### Task objective
Take every line from the material that has the word "does" in it.

(Input data)

(* For every integer $n\ge 2$, $$F(D_n)=\tau(n)+\pi(n-1)-\pi\!\left(\tfrac n2\right)+\gamma_{n/2}(n).$$ In particular, if $n$ is prime, $F(D_n)=\pi(n)-\pi\!\left(\tfrac n2\right)+1$.
   Context: $D_n$ is the graph with vertex set $\{1,\dots,n\}$ in which distinct $a,b$ are adjacent iff $\gcd(a,b)\mid n$ (the maximal Diophantine graph of order $n$). $F(G)$ is the number of vertices of degree $n-1$ in a graph $G$ of order $n$. $\pi(x)$ is the number of primes $\le x$, $\tau(n)$ the number of positive divisors of $n$. For a prime $p$, $\acute v_p(n):=v_p(n)+1$, where $v_p$ is the $p$-adic valuation. For a real $0<x<n$, $\gamma_x(n):=\left|\{p^{\acute v_p(n)} : p \text{ prime},\ p\mid n,\ x<p^{\acute v_p(n)}<n\}\right|$. *)

theory Defs
  imports Complex_Main "HOL-Computational_Algebra.Primes"
begin

definition graph_degree :: "'a set \<Rightarrow> ('a \<Rightarrow> 'a \<Rightarrow> bool) \<Rightarrow> 'a \<Rightarrow> nat" where
  "graph_degree V E v = card {u \<in> V. E v u}"

definition F_full :: "'a set \<Rightarrow> ('a \<Rightarrow> 'a \<Rightarrow> bool) \<Rightarrow> nat" where
  "F_full V E = card {v \<in> V. graph_degree V E v = card V - 1}"

definition D_vertices :: "nat \<Rightarrow> nat set" where
  "D_vertices n = {1..n}"

definition D_adj :: "nat \<Rightarrow> nat \<Rightarrow> nat \<Rightarrow> bool" where
  "D_adj n a b \<longleftrightarrow> a \<noteq> b \<and> gcd a b dvd n"

definition prime_pi :: "real \<Rightarrow> nat" where
  "prime_pi x = card {p :: nat. prime p \<and> real p \<le> x}"

definition vacute :: "nat \<Rightarrow> nat \<Rightarrow> nat" where
  "vacute p n = multiplicity p n + 1"

definition gamma_fn :: "real \<Rightarrow> nat \<Rightarrow> nat" where
  "gamma_fn x n = card {q :: nat. \<exists>p. prime p \<and> p dvd n \<and> q = p ^ vacute p n
                          \<and> x < real q \<and> q < n}"

end

theory Submission
  imports Defs
begin

text \<open>A vertex v of D_n has full degree iff gcd v u divides n for every other u \<le> n, which
  certainly holds when v divides n. If v does not divide n, some prime power
  q = p^(v_p(n)+1) divides v; since gcd v q = q does not divide n, v = q, and since
  gcd v (2v) = v, also n < 2v. Conversely, if v = p^(v_p(n)+1) and n/2 < v, no other u \<le> n is
  a multiple of v, so gcd v u is a proper divisor p^i of v with i \<le> v_p(n) and thus divides n.
  Among these exceptional vertices, those with p \<nmid> n are exactly the primes in (n/2, n),
  counted by \<pi>(n-1) - \<pi>(n/2), and those with p | n are counted by \<gamma>_{n/2}(n).\<close>

lemma graph_degree_eq_card_minus_one_iff:
  assumes "finite V" "v \<in> V" "\<not> E v v"
  shows "graph_degree V E v = card V - 1 \<longleftrightarrow> (\<forall>u \<in> V - {v}. E v u)"
proof -
  have sub: "{u \<in> V. E v u} \<subseteq> V - {v}" using assms(3) by auto
  have card_rest: "card (V - {v}) = card V - 1" using assms(1,2) by simp
  have "graph_degree V E v = card V - 1 \<longleftrightarrow> {u \<in> V. E v u} = V - {v}"
    unfolding graph_degree_def card_rest[symmetric]
    using sub assms(1) by (metis card_subset_eq finite_Diff)
  also have "\<dots> \<longleftrightarrow> (\<forall>u \<in> V - {v}. E v u)" using sub by blast
  finally show ?thesis .
qed

lemma not_dvd_if_half_less:
  fixes d m :: nat
  assumes "m < 2 * d" "d < m"
  shows "\<not> d dvd m"
proof
  assume "d dvd m"
  then obtain k where k: "m = d * k" by blast
  with assms show False by (cases k; cases "k - 1") auto
qed

lemma prime_power_vacute_not_dvd:
  assumes "prime p" "n > 0"
  shows "\<not> p ^ vacute p n dvd n"
proof -
  have "p ^ vacute p n dvd n \<longleftrightarrow> vacute p n \<le> multiplicity p n"
    using assms by (intro power_dvd_iff_le_multiplicity) (auto simp: not_prime_unit)
  then show ?thesis by (simp add: vacute_def)
qed

lemma full_in_range_imp_prime_power:
  fixes n v :: nat
  assumes v: "v \<in> {1..n}" and not_dvd: "\<not> v dvd n"
    and full: "\<forall>u \<in> {1..n} - {v}. gcd v u dvd n"
  shows "\<exists>p. prime p \<and> v = p ^ vacute p n \<and> n < 2 * v \<and> v < n"
proof -
  obtain p where p: "prime p" "\<not> multiplicity p v \<le> multiplicity p n"
    using multiplicity_le_imp_dvd[of v n] v not_dvd by force
  define q where "q = p ^ vacute p n"
  have "q dvd v" unfolding q_def vacute_def using p(2) by (intro multiplicity_dvd') simp
  have "\<not> q dvd n" unfolding q_def using p(1) v by (intro prime_power_vacute_not_dvd) auto
  have "q \<in> {1..n}"
  proof -
    have "q \<le> v" using \<open>q dvd v\<close> v by (intro dvd_imp_le) auto
    moreover have "q \<ge> 1" unfolding q_def using p(1) by (simp add: Suc_le_eq prime_gt_0_nat)
    ultimately show ?thesis using v by simp
  qed
  have "q = v"
  proof (rule ccontr)
    assume "q \<noteq> v"
    then have "gcd v q dvd n" using full \<open>q \<in> {1..n}\<close> by blast
    then show False using \<open>q dvd v\<close> \<open>\<not> q dvd n\<close> by (simp add: gcd_nat.absorb2)
  qed
  have "n < 2 * v"
  proof (rule ccontr)
    assume "\<not> n < 2 * v"
    then have "2 * v \<in> {1..n} - {v}" using v by auto
    then have "gcd v (2 * v) dvd n" using full by blast
    then show False using not_dvd by simp
  qed
  moreover have "v < n" using v not_dvd by (cases "v = n") auto
  ultimately show ?thesis using p(1) \<open>q = v\<close> q_def by blast
qed

lemma prime_power_imp_full_in_range:
  fixes n v :: nat
  assumes "prime p" "v = p ^ vacute p n" "n < 2 * v"
  shows "\<forall>u \<in> {1..n} - {v}. gcd v u dvd n"
proof
  fix u assume u: "u \<in> {1..n} - {v}"
  obtain i where i: "i \<le> vacute p n" "gcd v u = p ^ i"
    using divides_primepow_nat[OF assms(1)] assms(2) by (metis gcd_dvd1)
  have "\<not> v dvd u"
  proof
    assume "v dvd u"
    then have "v < u" using u dvd_imp_le[of v u] by auto
    then show False using not_dvd_if_half_less[of u v] \<open>v dvd u\<close> u assms(3) by auto
  qed
  then have "i \<noteq> vacute p n" using i assms(2) by (metis gcd_dvd2)
  then have "i \<le> multiplicity p n" using i(1) by (simp add: vacute_def)
  then show "gcd v u dvd n" using i(2) by (simp add: multiplicity_dvd')
qed

lemma D_full_vertex_iff:
  assumes "v \<in> D_vertices n"
  shows "graph_degree (D_vertices n) (D_adj n) v = card (D_vertices n) - 1 \<longleftrightarrow>
         v dvd n \<or> (\<exists>p. prime p \<and> v = p ^ vacute p n \<and> n < 2 * v \<and> v < n)"
proof -
  have "graph_degree (D_vertices n) (D_adj n) v = card (D_vertices n) - 1 \<longleftrightarrow>
        (\<forall>u \<in> {1..n} - {v}. gcd v u dvd n)"
    using assms by (subst graph_degree_eq_card_minus_one_iff) (auto simp: D_vertices_def D_adj_def)
  also have "\<dots> \<longleftrightarrow> v dvd n \<or> (\<exists>p. prime p \<and> v = p ^ vacute p n \<and> n < 2 * v \<and> v < n)"
  proof
    assume "\<forall>u \<in> {1..n} - {v}. gcd v u dvd n"
    then show "v dvd n \<or> (\<exists>p. prime p \<and> v = p ^ vacute p n \<and> n < 2 * v \<and> v < n)"
      using assms full_in_range_imp_prime_power unfolding D_vertices_def by blast
  next
    assume "v dvd n \<or> (\<exists>p. prime p \<and> v = p ^ vacute p n \<and> n < 2 * v \<and> v < n)"
    then show "\<forall>u \<in> {1..n} - {v}. gcd v u dvd n"
      using prime_power_imp_full_in_range by (metis dvd_trans gcd_dvd1)
  qed
  finally show ?thesis .
qed

lemma half_less_iff: "real n / 2 < real q \<longleftrightarrow> n < 2 * q"
  by linarith

lemma D_full_vertices_eq:
  assumes "n > 0"
  shows "{v \<in> D_vertices n. graph_degree (D_vertices n) (D_adj n) v = card (D_vertices n) - 1}
       = {d. d dvd n}
         \<union> {p. prime p \<and> real n / 2 < real p \<and> real p \<le> real n - 1}
         \<union> {q. \<exists>p. prime p \<and> p dvd n \<and> q = p ^ vacute p n \<and> real n / 2 < real q \<and> q < n}"
  (is "?full = ?divisors \<union> ?primes \<union> ?powers")
proof (intro equalityI subsetI)
  fix v assume "v \<in> ?full"
  then have "v dvd n \<or> (\<exists>p. prime p \<and> v = p ^ vacute p n \<and> n < 2 * v \<and> v < n)"
    using D_full_vertex_iff by blast
  then show "v \<in> ?divisors \<union> ?primes \<union> ?powers"
  proof (elim disjE exE conjE)
    fix p assume p: "prime p" "v = p ^ vacute p n" "n < 2 * v" "v < n"
    show ?thesis
    proof (cases "p dvd n")
      case False
      then have "v = p" using p(2) by (simp add: vacute_def not_dvd_imp_multiplicity_0)
      then show ?thesis using p half_less_iff by auto
    qed (use p half_less_iff in blast)
  qed simp
next
  fix v assume "v \<in> ?divisors \<union> ?primes \<union> ?powers"
  then consider "v dvd n" | "v \<in> ?primes" | "v \<in> ?powers" by blast
  then have "v dvd n \<or> (\<exists>p. prime p \<and> v = p ^ vacute p n \<and> n < 2 * v \<and> v < n)"
  proof cases
    case 2
    then have "prime v" "n < 2 * v" "v < n" using half_less_iff by auto
    then have "\<not> v dvd n" by (intro not_dvd_if_half_less)
    then show ?thesis
      using \<open>prime v\<close> \<open>n < 2 * v\<close> \<open>v < n\<close>
      by (auto simp: vacute_def not_dvd_imp_multiplicity_0)
  next
    case 3
    then show ?thesis using half_less_iff by blast
  qed simp
  moreover from this have "v \<in> D_vertices n"
  proof (elim disjE exE conjE)
    fix p assume "prime p" "v = p ^ vacute p n" "v < n"
    then show ?thesis by (simp add: D_vertices_def Suc_le_eq prime_gt_0_nat)
  qed (use assms in \<open>auto simp: D_vertices_def dvd_imp_le dvd_pos_nat\<close>)
  ultimately show "v \<in> ?full" using D_full_vertex_iff by blast
qed

lemma F_full_D_eq:
  assumes "n > 0"
  shows "F_full (D_vertices n) (D_adj n) =
           card {d. d dvd n} + card {p. prime p \<and> real n / 2 < real p \<and> real p \<le> real n - 1}
           + gamma_fn (real n / 2) n"
proof -
  let ?divisors = "{d. d dvd n}"
  let ?primes = "{p. prime p \<and> real n / 2 < real p \<and> real p \<le> real n - 1}"
  let ?powers = "{q. \<exists>p. prime p \<and> p dvd n \<and> q = p ^ vacute p n \<and> real n / 2 < real q \<and> q < n}"
  have finite: "finite ?divisors" "finite ?primes" "finite ?powers"
    using assms by (auto intro: finite_subset[of _ "{..n}"])
  have "?divisors \<inter> ?primes = {}"
  proof -
    have "\<not> d dvd n" if "d \<in> ?primes" for d
      using that half_less_iff by (intro not_dvd_if_half_less) auto
    then show ?thesis by blast
  qed
  moreover have "?divisors \<inter> ?powers = {}"
    using prime_power_vacute_not_dvd assms by blast
  moreover have "?primes \<inter> ?powers = {}"
  proof -
    have "\<not> prime (p ^ vacute p n)" if "prime p" "p dvd n" for p
    proof -
      have "multiplicity p n \<noteq> 0"
        using that assms by (simp add: prime_multiplicity_gt_zero_iff)
      then show ?thesis unfolding vacute_def prime_power_iff by simp
    qed
    then show ?thesis by blast
  qed
  ultimately show ?thesis
    unfolding F_full_def D_full_vertices_eq[OF assms] gamma_fn_def
    using finite by (simp add: card_Un_disjoint Int_Un_distrib2)
qed

lemma prime_pi_split:
  assumes "x \<le> y"
  shows "prime_pi y = prime_pi x + card {p. prime p \<and> x < real p \<and> real p \<le> y}"
proof -
  have bounded: "finite {p::nat. real p \<le> z}" for z
    by (rule finite_subset[of _ "{..nat \<lfloor>z\<rfloor>}"]) (auto intro: le_nat_floor)
  have "{p. prime p \<and> real p \<le> y} =
        {p. prime p \<and> real p \<le> x} \<union> {p. prime p \<and> x < real p \<and> real p \<le> y}"
    using assms by auto
  moreover have "finite {p. prime p \<and> real p \<le> x}" "finite {p. prime p \<and> x < real p \<and> real p \<le> y}"
    by (auto intro: finite_subset[OF _ bounded])
  ultimately show ?thesis
    unfolding prime_pi_def by (simp add: card_Un_disjoint disjoint_iff)
qed

lemma gamma_fn_prime_eq_0:
  assumes "prime n"
  shows "gamma_fn x n = 0"
proof -
  have "\<not> p ^ vacute p n < n" if "prime p" "p dvd n" for p
  proof -
    have "p = n" using primes_dvd_imp_eq that assms by blast
    then show ?thesis using that(1) by (simp add: vacute_def self_le_power prime_ge_1_nat not_less)
  qed
  then have "{q. \<exists>p. prime p \<and> p dvd n \<and> q = p ^ vacute p n \<and> x < real q \<and> q < n} = {}"
    by auto
  then show ?thesis unfolding gamma_fn_def by (simp only: card.empty)
qed

lemma card_divisors_prime:
  assumes "prime (n :: nat)"
  shows "card {d. d dvd n} = 2"
proof -
  have "{d. d dvd n} = {1, n}" using assms by (auto simp: prime_nat_iff)
  then show ?thesis using prime_gt_1_nat[OF assms] by simp
qed

theorem mainTheorem6:
  fixes n :: nat
  assumes "n \<ge> 2"
  shows "int (F_full (D_vertices n) (D_adj n)) =
           int (card {d. d dvd n}) + int (prime_pi (real n - 1)) - int (prime_pi (real n / 2))
           + int (gamma_fn (real n / 2) n)
       \<and> (prime n \<longrightarrow>
           int (F_full (D_vertices n) (D_adj n)) =
             int (prime_pi (real n)) - int (prime_pi (real n / 2)) + 1)"
proof -
  have "prime_pi (real n - 1) =
          prime_pi (real n / 2) + card {p. prime p \<and> real n / 2 < real p \<and> real p \<le> real n - 1}"
    using assms by (intro prime_pi_split) simp
  then have general: "int (F_full (D_vertices n) (D_adj n)) =
           int (card {d. d dvd n}) + int (prime_pi (real n - 1)) - int (prime_pi (real n / 2))
           + int (gamma_fn (real n / 2) n)"
    using F_full_D_eq assms by simp
  moreover have "int (F_full (D_vertices n) (D_adj n)) =
                   int (prime_pi (real n)) - int (prime_pi (real n / 2)) + 1" if "prime n"
  proof -
    have "{p. prime p \<and> real n - 1 < real p \<and> real p \<le> real n} = {n}"
      using that by auto
    then have "prime_pi (real n) = prime_pi (real n - 1) + 1"
      using prime_pi_split[of "real n - 1" "real n"] by simp
    then show ?thesis
      using general card_divisors_prime gamma_fn_prime_eq_0 that by simp
  qed
  ultimately show ?thesis by blast
qed

end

(End Input data)

### Task output
  certainly holds when v divides n. If v does not divide n, some prime power
  q = p^(v_p(n)+1) divides v; since gcd v q = q does not divide n, v = q, and since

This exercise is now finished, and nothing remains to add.